En tacticien politique, Claude Meisch a choisi d’esquiver la mutinerie qu’aurait provoquée une réforme générale de l’enseignement secondaire. La classe moyenne luxembourgeoise (dont l’enseignant constituait une sorte d’idéal-type) ne voit aucun intérêt objectif à changer un système qui a été taillé sur sa mesure. En externalisant les élèves lusophones et francophones vers les lycées internationaux ou techniques, le « classique » pourra donc survivre comme sanctuaire du trilinguisme : « Mir wëlle bléiwe wat mir sinn ».

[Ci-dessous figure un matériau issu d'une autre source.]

lemma card_dense_within_le:
  assumes X: "X \<subseteq> {1..n}" and M: "M \<le> n choose r"
  defines "t \<equiv> threshold (card X)"
  shows "real (card {E. E \<subseteq> all_edges n \<and> card E = M \<and> t \<le> card {e\<in>E. e \<subseteq> X}})
    \<le> real (card X choose r) ^ t * (real ((n choose r) choose M) * (real M / real (n choose r)) ^ t)"
proof -
  define Ts where "Ts = {T. T \<subseteq> {e\<in>all_edges n. e \<subseteq> X} \<and> card T = t}"
  have fin_Ts: "finite Ts"
    unfolding Ts_def by (rule finite_subset[of _ "Pow (all_edges n)"]) (auto simp: finite_all_edges)
  define Contain where "Contain T = {E. E \<subseteq> all_edges n \<and> card E = M \<and> T \<subseteq> E}" for T
  have "{E. E \<subseteq> all_edges n \<and> card E = M \<and> t \<le> card {e\<in>E. e \<subseteq> X}} \<subseteq> (\<Union>T\<in>Ts. Contain T)"
  proof
    fix E assume E: "E \<in> {E. E \<subseteq> all_edges n \<and> card E = M \<and> t \<le> card {e\<in>E. e \<subseteq> X}}"
    then have "t \<le> card {e\<in>E. e \<subseteq> X}" by simp
    then obtain T where T: "T \<subseteq> {e\<in>E. e \<subseteq> X}" "card T = t"
      by (rule obtain_subset_with_card_n)
    have "T \<in> Ts" "E \<in> Contain T"
      using T E unfolding Ts_def Contain_def by auto
    then show "E \<in> (\<Union>T\<in>Ts. Contain T)" by blast
  qed
  moreover have "finite (\<Union>T\<in>Ts. Contain T)"
    unfolding Contain_def by (rule finite_subset[of _ "Pow (all_edges n)"]) (auto simp: finite_all_edges)
  ultimately have "card {E. E \<subseteq> all_edges n \<and> card E = M \<and> t \<le> card {e\<in>E. e \<subseteq> X}}
      \<le> card (\<Union>T\<in>Ts. Contain T)"
    by (rule card_mono[rotated])
  also have "\<dots> \<le> (\<Sum>T\<in>Ts. card (Contain T))"
    using fin_Ts by (rule card_UN_le)
  finally have "real (card {E. E \<subseteq> all_edges n \<and> card E = M \<and> t \<le> card {e\<in>E. e \<subseteq> X}})
      \<le> (\<Sum>T\<in>Ts. real (card (Contain T)))"
    by (simp flip: of_nat_sum)
  also have "\<dots> \<le> (\<Sum>T\<in>Ts. real ((n choose r) choose M) * (real M / real (n choose r)) ^ t)"
  proof (intro sum_mono)
    fix T assume "T \<in> Ts"
    then have "T \<subseteq> all_edges n" "card T = t" unfolding Ts_def by auto
    then show "real (card (Contain T)) \<le> real ((n choose r) choose M) * (real M / real (n choose r)) ^ t"
      using card_supersets_le[OF finite_all_edges _ _ ] M unfolding Contain_def card_all_edges by simp
  qed
  also have "\<dots> \<le> real (card X choose r) ^ t * (real ((n choose r) choose M) * (real M / real (n choose r)) ^ t)"
    using card_edge_sets_within_le[OF X, of t] unfolding Ts_def[symmetric] by (simp add: mult_right_mono)
  finally show ?thesis .
qed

Alors que les nouvelles écoles internationales ont poussé comme des champignons ces dernières cinq années, elles ont souvent été implantées dans des communes aisées : Junglinster, Clervaux, Mondorf-les-Bains, Mersch, Belair, pas exactement dans les hotspots sociaux. L’école internationale à Differdange pourrait donc n’être que l’exception qui confirme la règle. Les arguments en faveur des écoles européennes agréées restent tiraillés entre deux impératifs distincts : la promotion du Standort d’un côté, et la lutte contre les inégalités scolaires de l’autre. Alors que douze pour cent des élèves du classique sont désormais inscrits dans des sections francophones ou anglophones, le ministère navigue toujours à vue. Il faudra attendre le printemps 2023 pour avoir une première analyse scientifique du nouveau complexe scolaire. Le Luxembourg Center for Educational Training (Lucet) publiera alors une grande étude sur les élèves des lycées publics internationaux, leurs backgrounds socio-économiques, leurs trajectoires scolaires et leurs compétences en maths. À quelques mois des législatives, le rapport sera forcément lu comme un bilan (une « Zensur ») du ministre Meisch.